Il silenzio assenso, ai sensi dell’art. 20 della legge n. 241 del 1990, matura sì in caso di infruttuosa scadenza del termine previsto per la conclusione del procedimento, ma a condizione che l’amministrazione procedente non abbia provveduto a indire una conferenza di servizi tra le amministrazioni tenute ad esprimersi sul progetto, e ciò anche in ossequio al principio per cui non possono cumularsi due istituti di semplificazione (nell’ordine, silenzio assenso e conferenza di servizi).

(Nel caso di specie, la Conferenza era stata pienamente attivata, con ogni conseguenza in ordine alla inapplicabilità del predetto istituto del silenzio assenso).

Il procedimento per la realizzazione di impianti di energia rinnovabile, o comunque l’esito favorevole dell’istanza, non può essere in alcun modo condizionato da qualsivoglia atto di assenso o di gradimento da parte dei comuni il cui territorio è interessato dal progetto. In altre parole non si può ritenere indispensabile a tal fine la deliberazione favorevole del Consiglio comunale (T.A.R. Lazio, Latina, sez. I, 22 dicembre 2009, n. 1343; Corte cost., 1° aprile 2010, n. 124).

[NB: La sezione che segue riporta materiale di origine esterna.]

(* Let $F\in\mathcal F^N$ and let $X^1,\dots,X^N$ be mm-spaces. For $i=1,\dots,N$ let $F^i:=F\circ\iota_i$, where $\iota_i\colon[0,+\infty)\to[0,+\infty)^N$ places its argument in the $i$-th coordinate and $0$ elsewhere. Then for every $\kappa_1\in(0,1)$ and $\kappa_2,\dots,\kappa_N\in(0,1/4)$, $$\mathrm{OD}\Big(\big(\textstyle\prod_{i=1}^NX^i,d_F,\bigotimes_{i=1}^Nm_{X^i}\big);-2\sum_{i=1}^N\kappa_i\Big)\le 4F^1(\mathrm{OD}(X^1;-\kappa_1))+8\sum_{i=2}^NF^i(\mathrm{OD}(X^i;-\kappa_i)).$$
   Context: An mm-space is a triple $(X,d_X,m_X)$ with $(X,d_X)$ complete separable metric space and $m_X$ a Borel probability measure. $\mathcal F^N$ is the set of continuous functions $F\colon[0,+\infty)^N\to[0,+\infty)$ such that for any metric spaces $(X_i,d_i)$, $d_F((x_i),(x'_i)):=F(d_1(x_1,x'_1),\dots,d_N(x_N,x'_N))$ is a metric on $\prod X_i$. Partial diameter: $\mathrm{PD}(X;\alpha)$ = infimum of $\operatorname{diam}A$ over Borel $A$ with $m_X(A)\ge\alpha$. Observable diameter: $\mathrm{OD}(X;-\kappa):=\sup_f\mathrm{PD}((\mathbb R,|\cdot|,f_*m_X);1-\kappa)$ over 1-Lipschitz $f\colon X\to\mathbb R$. *)

theory Defs
  imports "HOL-Probability.Probability"
begin

definition mm_space :: "'a set \<Rightarrow> ('a \<Rightarrow> 'a \<Rightarrow> real) \<Rightarrow> 'a measure \<Rightarrow> bool" where
  "mm_space X d m \<longleftrightarrow>
     Metric_space X d \<and> Metric_space.mcomplete X d \<and>
     separable_space (Metric_space.mtopology X d) \<and>
     space m = X \<and>
     sets m = sigma_sets X {U. openin (Metric_space.mtopology X d) U} \<and>
     prob_space m"

text \<open>Diameter of a subset of the reals, with values in [0,\<infinity>]
  (empty set has diameter 0, unbounded sets have diameter \<infinity>).\<close>
definition ediam :: "real set \<Rightarrow> ennreal" where
  "ediam A = (SUP x\<in>A. SUP y\<in>A. ennreal (dist x y))"

definition partial_diam :: "real measure \<Rightarrow> real \<Rightarrow> ennreal" where
  "partial_diam \<mu> \<alpha> = (INF A\<in>{A. A \<in> sets \<mu> \<and> measure \<mu> A \<ge> \<alpha>}. ediam A)"

definition lipschitz1 :: "'a set \<Rightarrow> ('a \<Rightarrow> 'a \<Rightarrow> real) \<Rightarrow> ('a \<Rightarrow> real) \<Rightarrow> bool" where
  "lipschitz1 X d f \<longleftrightarrow> (\<forall>x\<in>X. \<forall>y\<in>X. \<bar>f x - f y\<bar> \<le> d x y)"

definition obs_diam :: "'a set \<Rightarrow> ('a \<Rightarrow> 'a \<Rightarrow> real) \<Rightarrow> 'a measure \<Rightarrow> real \<Rightarrow> ennreal" where
  "obs_diam X d m \<kappa> =
     (SUP f\<in>{f. lipschitz1 X d f}. partial_diam (distr m borel f) (1 - \<kappa>))"

text \<open>The metric d_F on the product of N spaces (indices 1..N, points are
  extensional functions on {1..N}).\<close>
definition prod_metric :: "nat \<Rightarrow> ((nat \<Rightarrow> real) \<Rightarrow> real) \<Rightarrow> (nat \<Rightarrow> 'a \<Rightarrow> 'a \<Rightarrow> real)
     \<Rightarrow> (nat \<Rightarrow> 'a) \<Rightarrow> (nat \<Rightarrow> 'a) \<Rightarrow> real" where
  "prod_metric N F d x y = F (\<lambda>i\<in>{1..N}. d i (x i) (y i))"

text \<open>The class F^N: continuous F : [0,\<infinity>)^N \<rightarrow> [0,\<infinity>) such that d_F is a metric
  on the product for all metric spaces. [0,\<infinity>)^N is represented by extensional
  functions on {1..N}. Metric spaces are taken with carriers in a fixed infinite type
  (real); since the metric axioms involve at most three points per factor, this is
  equivalent to quantifying over all metric spaces.\<close>
definition F_class :: "nat \<Rightarrow> ((nat \<Rightarrow> real) \<Rightarrow> real) \<Rightarrow> bool" where
  "F_class N F \<longleftrightarrow>
     continuous_on (PiE {1..N} (\<lambda>_. {0..})) F \<and>
     (\<forall>t\<in>PiE {1..N} (\<lambda>_. {0..}). 0 \<le> F t) \<and>
     (\<forall>(Y::nat \<Rightarrow> real set) e. (\<forall>i\<in>{1..N}. Metric_space (Y i) (e i)) \<longrightarrow>
        Metric_space (PiE {1..N} Y) (prod_metric N F e))"

definition coord_emb :: "nat \<Rightarrow> nat \<Rightarrow> real \<Rightarrow> (nat \<Rightarrow> real)" where
  "coord_emb N i t = (\<lambda>j\<in>{1..N}. if j = i then t else 0)"

end

theory Submission
  imports Defs
begin

text \<open>Let \<open>f\<close> be 1-Lipschitz for \<open>d\<^sub>F\<close>. Replacing the dependence of \<open>f\<close> on \<open>x\<^sub>1, \<dots>, x\<^sub>k\<close>
  successively by lower \<open>\<kappa>\<^sub>i\<close>-quantiles in the single coordinates gives functions \<open>g\<^sub>k\<close> with
  \<open>|g\<^sub>k x - g\<^sub>k y| \<le> F(0, \<dots>, 0, d\<^sub>k\<^sub>+\<^sub>1, \<dots>, d\<^sub>N)\<close>; in particular \<open>g\<^sub>N\<close> is constant.
  A section \<open>t \<mapsto> g\<^sub>k\<^sub>-\<^sub>1(x, x\<^sub>k := t)\<close> has modulus of continuity \<open>F\<^sup>k \<circ> d\<^sub>k\<close>, and \<open>F\<^sup>k(s) \<le> 2 F\<^sup>k(D)\<close>
  for \<open>s \<le> 2D\<close> by the triangle inequality of \<open>d\<^sub>F\<close>. Hence, by the definition of the observable
  diameter, the section exceeds its lower quantile \<open>g\<^sub>k(x)\<close> by more than
  \<open>2 F\<^sup>k(OD(X\<^sup>k; -\<kappa>\<^sub>k))\<close> or falls below it only on a set of measure \<open>\<le> 2\<kappa>\<^sub>k\<close>. By Fubini, off a set of
  measure \<open>\<le> 2 \<Sum> \<kappa>\<^sub>i\<close> the value \<open>f(x)\<close> lies in an interval of length \<open>\<Sum> 2 F\<^sup>i(OD(X\<^sup>i; -\<kappa>\<^sub>i))\<close>
  above the constant \<open>g\<^sub>N\<close>. This bound is stronger than the stated one; of \<open>\<kappa>\<^sub>i < 1/4\<close> only
  \<open>\<kappa>\<^sub>i < 1\<close> is used.\<close>

section \<open>Partial and observable diameters of mm-spaces\<close>

lemma mm_space_prob_space: "mm_space X d m \<Longrightarrow> prob_space m"
  by (simp add: mm_space_def)

lemma mm_space_space_eq: "mm_space X d m \<Longrightarrow> space m = X"
  by (simp add: mm_space_def)

lemma mm_space_Metric_space: "mm_space X d m \<Longrightarrow> Metric_space X d"
  by (simp add: mm_space_def)

lemma mm_space_borel_measurable_continuous:
  fixes g :: "'a \<Rightarrow> real"
  assumes mm: "mm_space X d m"
    and cont: "\<And>x e. x \<in> X \<Longrightarrow> e > 0 \<Longrightarrow> \<exists>\<delta>>0. \<forall>y\<in>X. d x y < \<delta> \<longrightarrow> \<bar>g x - g y\<bar> < e"
  shows "g \<in> borel_measurable m"
proof (rule borel_measurableI)
  fix S :: "real set" assume S: "open S"
  interpret Metric_space X d using mm by (simp add: mm_space_def)
  have "openin mtopology (g -` S \<inter> X)"
    unfolding openin_mtopology
  proof (intro conjI allI impI)
    fix x assume x: "x \<in> g -` S \<inter> X"
    then obtain e where e: "e > 0" "ball (g x) e \<subseteq> S"
      using S open_contains_ball by blast
    obtain \<delta> where \<delta>: "\<delta> > 0" "\<forall>y\<in>X. d x y < \<delta> \<longrightarrow> \<bar>g x - g y\<bar> < e"
      using cont[of x e] x e by auto
    have "mball x \<delta> \<subseteq> g -` S \<inter> X"
    proof
      fix y assume "y \<in> mball x \<delta>"
      then have "y \<in> X" "\<bar>g x - g y\<bar> < e" using \<delta> by auto
      then show "y \<in> g -` S \<inter> X" using e by (auto simp: dist_real_def)
    qed
    then show "\<exists>r>0. mball x r \<subseteq> g -` S \<inter> X" using \<delta> by blast
  qed auto
  then show "g -` S \<inter> space m \<in> sets m"
    using mm by (auto simp: mm_space_def intro: sigma_sets.Basic)
qed

lemma lipschitz1_borel_measurable:
  assumes "mm_space X d m" and "lipschitz1 X d f"
  shows "f \<in> borel_measurable m"
  using assms(2) unfolding lipschitz1_def
  by (intro mm_space_borel_measurable_continuous[OF assms(1)]) (meson le_less_trans)

lemma ediam_atLeastAtMost_le: "a \<le> b \<Longrightarrow> ediam {a..b} \<le> ennreal (b - a)"
  unfolding ediam_def by (intro SUP_least ennreal_leI) (auto simp: dist_real_def)

lemma partial_diam_le_ediam:
  assumes "f \<in> borel_measurable M" and "A \<in> sets borel"
    and "\<alpha> \<le> measure M (f -` A \<inter> space M)"
  shows "partial_diam (distr M borel f) \<alpha> \<le> ediam A"
  unfolding partial_diam_def
  by (rule INF_lower) (use assms in \<open>auto simp: measure_distr\<close>)

lemma partial_diam_le_obs_diam:
  "lipschitz1 X d f \<Longrightarrow> partial_diam (distr m borel f) (1 - \<kappa>) \<le> obs_diam X d m \<kappa>"
  unfolding obs_diam_def by (rule SUP_upper) simp

lemma mm_space_exists_ball_measure_gt:
  assumes mm: "mm_space X d m" and x0: "x0 \<in> X" and \<kappa>: "0 < \<kappa>"
  obtains n :: nat where "1 - \<kappa> < measure m {y\<in>X. d x0 y < real n}"
proof -
  interpret prob_space m using mm_space_prob_space[OF mm] .
  interpret Metric_space X d using mm_space_Metric_space[OF mm] .
  define B where "B n = {y\<in>X. d x0 y < real n}" for n :: nat
  have "(\<lambda>y. d x0 y) \<in> borel_measurable m"
  proof (rule mm_space_borel_measurable_continuous[OF mm])
    fix x e assume x: "x \<in> X" and e: "(e::real) > 0"
    have "\<bar>d x0 x - d x0 y\<bar> \<le> d x y" if "y \<in> X" for y
      using triangle[OF x0 x that] triangle[OF x0 that x] commute[of x y] by auto
    then show "\<exists>\<delta>>0. \<forall>y\<in>X. d x y < \<delta> \<longrightarrow> \<bar>d x0 x - d x0 y\<bar> < e"
      using e by (meson le_less_trans)
  qed
  then have "{y\<in>space m. d x0 y < real n} \<in> sets m" for n
    by measurable
  then have "range B \<subseteq> sets m"
    unfolding B_def using mm_space_space_eq[OF mm] by auto
  moreover have "incseq B" unfolding B_def incseq_def by auto
  moreover have "(\<Union>n. B n) = space m"
    using reals_Archimedean2 mm_space_space_eq[OF mm] unfolding B_def by auto
  ultimately have "(\<lambda>n. measure m (B n)) \<longlonglongrightarrow> 1"
    using finite_Lim_measure_incseq prob_space by metis
  then have "eventually (\<lambda>n. 1 - \<kappa> < measure m (B n)) sequentially"
    by (rule order_tendstoD) (use \<kappa> in simp)
  then show ?thesis using that unfolding B_def eventually_sequentially by blast
qed

lemma obs_diam_finite:
  assumes mm: "mm_space X d m" and \<kappa>: "0 < \<kappa>"
  shows "obs_diam X d m \<kappa> < \<infinity>"
proof -
  interpret prob_space m using mm_space_prob_space[OF mm] .
  obtain x0 where x0: "x0 \<in> X" using not_empty mm_space_space_eq[OF mm] by auto
  obtain n :: nat where n: "1 - \<kappa> < measure m {y\<in>X. d x0 y < real n}"
    using mm_space_exists_ball_measure_gt[OF mm x0 \<kappa>] .
  have "obs_diam X d m \<kappa> \<le> ennreal (2 * real n)"
    unfolding obs_diam_def
  proof (rule SUP_least)
    fix f assume "f \<in> {f. lipschitz1 X d f}"
    then have f: "lipschitz1 X d f" by simp
    then have fm: "f \<in> borel_measurable m" by (rule lipschitz1_borel_measurable[OF mm])
    let ?A = "{f x0 - real n .. f x0 + real n}"
    have "{y\<in>X. d x0 y < real n} \<subseteq> f -` ?A \<inter> space m"
      using f x0 mm_space_space_eq[OF mm] unfolding lipschitz1_def by force
    then have "measure m {y\<in>X. d x0 y < real n} \<le> measure m (f -` ?A \<inter> space m)"
      by (intro finite_measure_mono measurable_sets[OF fm]) auto
    then have "partial_diam (distr m borel f) (1 - \<kappa>) \<le> ediam ?A"
      using n by (intro partial_diam_le_ediam[OF fm]) auto
    also have "\<dots> \<le> ennreal (2 * real n)"
      using ediam_atLeastAtMost_le[of "f x0 - real n" "f x0 + real n"] by simp
    finally show "partial_diam (distr m borel f) (1 - \<kappa>) \<le> ennreal (2 * real n)" .
  qed
  then show ?thesis using le_less_trans by fastforce
qed

definition dist_to_set :: "('a \<Rightarrow> 'a \<Rightarrow> real) \<Rightarrow> 'a set \<Rightarrow> 'a \<Rightarrow> real" where
  "dist_to_set d B y = Inf ((\<lambda>a. d a y) ` B)"

context Metric_space
begin

lemma dist_to_set_le: "a \<in> B \<Longrightarrow> dist_to_set d B y \<le> d a y"
  unfolding dist_to_set_def by (rule cInf_lower) (auto intro: bdd_belowI[of _ 0])

lemma dist_to_set_greatest: "B \<noteq> {} \<Longrightarrow> (\<And>a. a \<in> B \<Longrightarrow> c \<le> d a y) \<Longrightarrow> c \<le> dist_to_set d B y"
  unfolding dist_to_set_def by (rule cInf_greatest) auto

lemma dist_to_set_zero:
  assumes "a \<in> B" "B \<subseteq> M"
  shows "dist_to_set d B a = 0"
proof -
  have "dist_to_set d B a \<le> 0" using dist_to_set_le[OF assms(1), of a] assms by auto
  moreover have "0 \<le> dist_to_set d B a" using assms(1) by (intro dist_to_set_greatest) auto
  ultimately show ?thesis by simp
qed

lemma lipschitz1_dist_to_set:
  assumes B: "B \<subseteq> M" "B \<noteq> {}"
  shows "lipschitz1 M d (dist_to_set d B)"
  unfolding lipschitz1_def
proof (intro ballI)
  fix x y assume x: "x \<in> M" and y: "y \<in> M"
  have "dist_to_set d B x - d x y \<le> dist_to_set d B y"
  proof (rule dist_to_set_greatest[OF B(2)])
    fix a assume a: "a \<in> B"
    have "d a x \<le> d a y + d y x" using triangle[of a y x] a B x y by auto
    then show "dist_to_set d B x - d x y \<le> d a y"
      using dist_to_set_le[OF a, of x] commute[of x y] by linarith
  qed
  moreover have "dist_to_set d B y - d x y \<le> dist_to_set d B x"
  proof (rule dist_to_set_greatest[OF B(2)])
    fix a assume a: "a \<in> B"
    have "d a y \<le> d a x + d x y" using triangle[of a x y] a B x y by auto
    then show "dist_to_set d B y - d x y \<le> d a x" using dist_to_set_le[OF a, of y] by linarith
  qed
  ultimately show "\<bar>dist_to_set d B x - dist_to_set d B y\<bar> \<le> d x y" by linarith
qed
lemma partial_realization_extend:
  assumes pr: "partial_realization n d E" and D: "\<forall>v\<in>{1..n}. d v \<le> D"
    and big: "5 * D^2 < (\<Sum>v\<in>{1..n}. d v)" and even: "even (\<Sum>v\<in>{1..n}. d v)"
    and lt: "2 * card E < (\<Sum>v\<in>{1..n}. d v)"
  obtains E' where "partial_realization n d E'" "card E' = Suc (card E)"
proof (cases "\<exists>i j. i \<in> {1..n} \<and> j \<in> {1..n} \<and> degree E i < d i \<and> degree E j < d j
    \<and> i \<noteq> j \<and> {i, j} \<notin> E")
  case True
  then show ?thesis using partial_realization_insert[OF pr] that by blast
next
  case False
  have G: "simple_graph_on n E" and le: "\<forall>v\<in>{1..n}. degree E v \<le> d v"
    using pr by (auto simp: partial_realization_def)
  have "(\<Sum>v\<in>{1..n}. d v) - 2 * card E \<le> D * D"
    using False by (intro deficit_le_if_unsaturated_clique[OF pr D]) blast
  then have many_edges: "2 * D * D < card E" using big lt by (simp add: power2_eq_square)
  obtain m where m: "(\<Sum>v\<in>{1..n}. d v) = 2 * m" using even by (rule evenE)
  then have "2 * card E + 2 \<le> (\<Sum>v\<in>{1..n}. d v)" using lt unfolding m by simp
  then obtain i j where ij: "i \<in> {1..n}" "j \<in> {1..n}" "degree E i < d i" "degree E j < d j"
    and twice: "i = j \<Longrightarrow> degree E i + 2 \<le> d i"
    using exists_unsaturated_pair[OF pr] by blast
  define A where "A = insert i (neighbours E i) \<union> insert j (neighbours E j)"
  have "degree E i < D" "degree E j < D" using ij D by (auto intro: order.strict_trans2)
  then have "card A \<le> D + D"
    using card_Un_le[of "insert i (neighbours E i)" "insert j (neighbours E j)"]
      add_mono[OF card_closed_neighbourhood_le[OF G] card_closed_neighbourhood_le[OF G]]
    unfolding A_def by (meson order.trans)
  then have "card A * D < card E" using many_edges mult_le_mono1[of "card A" "D + D" D]
    by (simp add: add_mult_distrib)
  have "A \<subseteq> {1..n}"
    using G ij unfolding A_def neighbours_def simple_graph_on_def by auto
  then have deg_A: "\<forall>a\<in>A. degree E a \<le> D" using le D by (meson order.trans subsetD)
  have "finite A" using finite_neighbours[OF G] unfolding A_def by simp
  then obtain u v where uv: "{u, v} \<in> E" "u \<noteq> v" "u \<notin> A" "v \<notin> A"
    using exists_edge_avoiding[OF G _ deg_A \<open>card A * D < card E\<close>] by blast
  have "i \<notin> {u, v}" "j \<notin> {u, v}" "{i, u} \<notin> E" "{j, v} \<notin> E"
    using uv(3,4) by (auto simp: A_def neighbours_def)
  then show ?thesis
    using partial_realization_switch[OF pr uv(1,2) ij(1,2)] ij(3,4) twice that by blast
qed

lemma graphical_if_even_sum_gt_5_max_sq:
  fixes d :: "nat \<Rightarrow> nat"
  assumes D: "\<forall>v\<in>{1..n}. d v \<le> D" and big: "5 * D^2 < (\<Sum>v\<in>{1..n}. d v)"
    and even: "even (\<Sum>v\<in>{1..n}. d v)"
  shows "graphical n d"
proof -
  define M where "M = (\<Sum>v\<in>{1..n}. d v)"
  have "\<exists>E. partial_realization n d E \<and> card E = k" if "k \<le> M div 2" for k
    using that
  proof (induction k)
    case 0
    show ?case by (auto intro!: exI[of _ "{}"] simp: partial_realization_def simple_graph_on_def degree_def)
  next
    case (Suc k)
    then obtain E where "partial_realization n d E" "card E = k" by auto
    moreover have "2 * k < M" using Suc.prems even unfolding M_def by fastforce
    ultimately show ?case
      using partial_realization_extend[OF _ D big even] unfolding M_def by metis
  qed
  then obtain E where E: "partial_realization n d E" "2 * card E = M"
    using even unfolding M_def by fastforce
  then have "\<forall>v\<in>{1..n}. d v - degree E v = 0" using sum_deficit[OF E(1)] by (simp add: M_def)
  then show ?thesis using E(1) unfolding graphical_iff_degree partial_realization_def
    by (metis diff_is_0_eq le_antisym)
qed

lemma five_sq_less_from_condition:
  fixes D s m :: nat and \<delta> :: real
  assumes "real D ^ 2 * (inverse (real s / real m) * ln (real m)) ^ 12 \<le> \<delta> * real s"
    and "0 < s" "s \<le> m" "3 \<le> m" "\<delta> < 1/5"
  shows "5 * D^2 < m"
proof -
  have "inverse (real s / real m) \<ge> 1" using assms(2,3) by (simp add: field_simps)
  moreover have "ln (real m) \<ge> 1" using assms(4) exp_le ln_ge_iff[of "real m" 1] by simp
  ultimately have "1 \<le> inverse (real s / real m) * ln (real m)"
    using mult_mono[of 1 _ 1] by fastforce
  then have "1 \<le> (inverse (real s / real m) * ln (real m)) ^ 12" by (rule one_le_power)
  from order_trans[OF mult_left_mono[OF this, of "real D ^ 2"] assms(1)]
  have "real D ^ 2 \<le> \<delta> * real s" by simp
  also have "\<dots> < 1/5 * real s" using assms(2,5) by (intro mult_strict_right_mono) auto
  also have "\<dots> \<le> real m / 5" using assms(3) by simp
  finally have "real (5 * D ^ 2) < real m" by simp
  then show ?thesis by (simp only: of_nat_less_iff)
qed

theorem proposition2p1:
  fixes d :: "nat \<Rightarrow> nat \<Rightarrow> nat"
    and S :: "nat \<Rightarrow> nat set"
    and \<delta> :: "nat \<Rightarrow> real"
  defines "M \<equiv> (\<lambda>n. \<Sum>i\<in>{1..n}. d n i)"
    and "\<Delta> \<equiv> (\<lambda>n. Max (d n ` {1..n}))"
    and "dS \<equiv> (\<lambda>n. \<Sum>i\<in>S n. d n i)"
  assumes even_sum: "\<forall>\<^sub>F n in sequentially. even (M n)"
    and M_inf: "filterlim M at_top sequentially"
    and S_sub: "\<forall>\<^sub>F n in sequentially. S n \<subseteq> {1..n}"
    and dS_pos: "\<forall>\<^sub>F n in sequentially. dS n > 0"
    and delta_lim: "\<delta> \<longlonglongrightarrow> 0"
    and cond: "\<forall>\<^sub>F n in sequentially.
       real (\<Delta> n) ^ 2 * ((inverse (real (dS n) / real (M n))) * ln (real (M n))) ^ 12
         \<le> \<delta> n * real (dS n)"
  shows "\<forall>\<^sub>F n in sequentially. graphical n (d n)"
proof -
  have "\<forall>\<^sub>F n in sequentially. 3 \<le> M n" using M_inf by (simp add: filterlim_at_top)
  moreover have "\<forall>\<^sub>F n in sequentially. \<delta> n < 1/5" using delta_lim by (rule order_tendstoD) simp
  ultimately show ?thesis using even_sum S_sub dS_pos cond
  proof eventually_elim
    case (elim n)
    have "dS n \<le> M n" unfolding dS_def M_def using elim by (intro sum_mono2) auto
    then have "5 * \<Delta> n ^ 2 < M n" using five_sq_less_from_condition elim by blast
    moreover have "\<forall>v\<in>{1..n}. d n v \<le> \<Delta> n" unfolding \<Delta>_def by simp
    ultimately show ?case using graphical_if_even_sum_gt_5_max_sq elim(3) unfolding M_def by blast
  qed
qed

end
lemma ip_walk_adj:
  assumes "0 < n" "int u + int k * (int vp - int vm) = t * int n" "j < u + vp + vm + 2"
  shows "pet_adj n k (ip_walk n k u vp vm i j) (ip_walk n k u vp vm i (Suc j))"
proof -
  consider (rim) "j < u" | (spoke) "j = u" | (inner) m where "j = Suc (u + m)" "m < vp + vm"
    | (return) "j = u + vp + vm + 1"
  proof (cases "u < j \<and> j < u + vp + vm + 1")
    case True
    then have "j = Suc (u + (j - u - 1))" "j - u - 1 < vp + vm" by auto
    then show thesis using that(3) by blast
  next
    case False
    then show thesis using that(1,2,4) assms(3) by linarith
  qed
  then show ?thesis
  proof cases
    case rim
    have "ip_walk n k u vp vm i (Suc j) = pet_rim n (int j + i + 1)"
      using rim by (simp add: ip_walk_def algebra_simps)
    then show ?thesis using rim pet_adj_rim_succ[OF assms(1)] by (simp add: ip_walk_def)
  next
    case spoke
    then show ?thesis using pet_adj_spoke[OF assms(1)] by (simp add: ip_walk_def)
  next
    case inner
    then show ?thesis using ip_walk_inner_adj[OF assms(1)] by simp
  next
    case return
    then show ?thesis
      using ip_walk_last[OF assms(2)] pet_adj_spoke[OF assms(1)] pet_adj_sym
      by (simp add: ip_walk_def)
  qed
qed

lemma pet_adj_irrefl:
  assumes "1 < n" "0 < k" "k < n"
  shows "\<not> pet_adj n k x x"
  using assms unfolding pet_adj_def pet_edge_def by (auto simp: mod_if)

lemma pet_circ_hom_double:
  assumes "1 < n" "0 < k" "k < n"
  shows "circ_hom (pet_verts n) (pet_adj n k) (2 * n) 1 (\<lambda>(b, i). 2 * i + of_bool b)"
proof (rule circ_hom_injective)
  show "inj_on (\<lambda>(b, i). 2 * i + of_bool b) (pet_verts n)"
    by (auto simp: inj_on_def of_bool_def split: if_splits; presburger)
  show "x \<noteq> y" if "pet_adj n k x y" for x y
    using that pet_adj_irrefl[OF assms, of x] by auto
qed (auto simp: pet_verts_def)

lemma pet_circ_hom_bound:
  assumes "odd n" "ip_feasible n k u vp vm r t"
    and hom: "circ_hom (pet_verts n) (pet_adj n k) p q f" and q: "1 \<le> q" "2 * q \<le> p"
  shows "(4 * r + 4) * q \<le> (2 * r + 1) * p"
proof -
  have n: "0 < n" using assms(1) by (simp add: odd_pos)
  have eq: "int u + int k * (int vp - int vm) = t * int n" and len: "u + vp + vm = 2 * r + 1"
    using assms(2) unfolding ip_feasible_def by auto
  define L where "L = u + vp + vm + 2"
  define W where "W m = ip_walk n k u vp vm (int (m * u))" for m
  have "p \<le> (L - 1) * (p - 2 * q)"
  proof (rule circ_hom_walk_chain_bound[OF hom q, where W = W and L = L and e = u and N = n])
    show "walk_in (pet_verts n) (pet_adj n k) L (W m)" for m
      unfolding walk_in_def
    proof (intro conjI allI impI)
      show "W m j \<in> pet_verts n" for j
        unfolding W_def ip_walk_def using pet_rim_in_verts[OF n] pet_inner_in_verts[OF n] by simp
      show "pet_adj n k (W m j) (W m (Suc j))" if "j < L" for j
        using ip_walk_adj[OF n eq] that unfolding W_def L_def by simp
    qed
    show "W m L = W m 0" for m
      unfolding W_def ip_walk_def L_def by simp
    show "W (Suc m) (L - 1) = W m (Suc u)" for m
      using ip_walk_last[OF eq] ip_walk_inner[of 0 vp vm n k u] unfolding W_def L_def
      by (simp add: add.commute)
    show "W (Suc m) L = W m u" for m
      unfolding W_def ip_walk_def L_def by (simp add: add.commute)
    show "W n = W 0"
      using ip_walk_periodic[of n k u vp vm 0 "int u"] unfolding W_def by (simp add: mult.commute)
    show "odd L" "u < L - 1" "odd n" using len assms(1) unfolding L_def by simp_all
  qed
  moreover have "L - 1 = 2 * r + 2" using len unfolding L_def by simp
  ultimately have "int p \<le> int ((2 * r + 2) * (p - 2 * q))"
    by (simp only: of_nat_le_iff)
  also have "\<dots> = (2 * int r + 2) * (int p - 2 * int q)"
    by (simp only: of_nat_mult of_nat_diff[OF q(2)]) simp
  finally have "(4 * int r + 4) * int q \<le> (2 * int r + 1) * int p"
    by (simp add: algebra_simps)
  then show ?thesis
    by (metis (mono_tags) of_nat_le_iff of_nat_mult of_nat_add of_nat_1 of_nat_numeral)
qed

(Nella fattispecie, il Collegio ha sottolineato che, in assenza di una efficacia condizionante di tale eventuale deliberazione, può dunque ritenersi pacificamente applicabile l’art. 14-ter, comma 7, della legge n. 241 del 1990, a norma del quale “si considera acquisito l'assenso dell'amministrazione … il cui rappresentante, all'esito dei lavori della conferenza, non abbia espresso definitivamente la volontà dell'amministrazione rappresentata”).

Se da un lato le disposizioni di cui alla legge regionale n. 31 del 2008 si applicano in via generale per le procedure riguardanti impianti di energie rinnovabili le cui conferenze non siano ancora formalmente concluse, per gli impianti a biomassa – e in particolare per quanto attiene al modello della “filiera corta” – vige dall’altro lato un regime transitorio a sé stante (si veda l’inciso contenuto nel citato art. 7, comma 1: “fatto salvo quanto previsto dall'articolo 2, comma 5”) che trova applicazione anche nel caso in cui il procedimento in conferenza di servizi si sia favorevolmente concluso: ed infatti il generale divieto di installazione in area agricola non si applica, in prima battuta: a) qualora i progetti siano stati presentati prima della entrata in vigore della legge regionale n. 31 del 2008; b) qualora l’esito positivo della conferenza di servizi venga ratificato dal consiglio comunale.

(Nel caso di specie, il Collegio ha evidenziato che a regime, ossia per i progetti presentati dopo l’entrata in vigore della legge, troverà invece integrale applicazione il divieto di cui al comma 4 dell’art. 2, ossia l’impossibilità di allocare siffatti impianti in zona agricola, salvo che non ricorrano i requisiti della “filiera corta”, ovverosia l’approvvigionamento in misura non inferiore al 40% nel raggio di 70 km dall’impianto. Quindi, ha affermato che se, dal un lato, è ben vero per un verso che l’impianto di che trattasi sarebbe senz’altro ricaduto nel regime transitorio (e dunque con necessità di ratifica del consiglio comunale), dall’altro è altrettanto vero che nulla vietava alla società controinteressata di rinunziare a tale disciplina di favore e di optare per una disciplina più rigorosa quale è quella della “filiera corta”. Di conseguenza, correttamente l’amministrazione regionale ha ritenuto di riaprire la conferenza di servizi, in funzione di verifica, onde valutare la (sola) sussistenza dei prescritti requisiti per la “filiera corta”, senza che a ciò potesse ostare la mancanza di una espressa previsione legislativa in tal senso).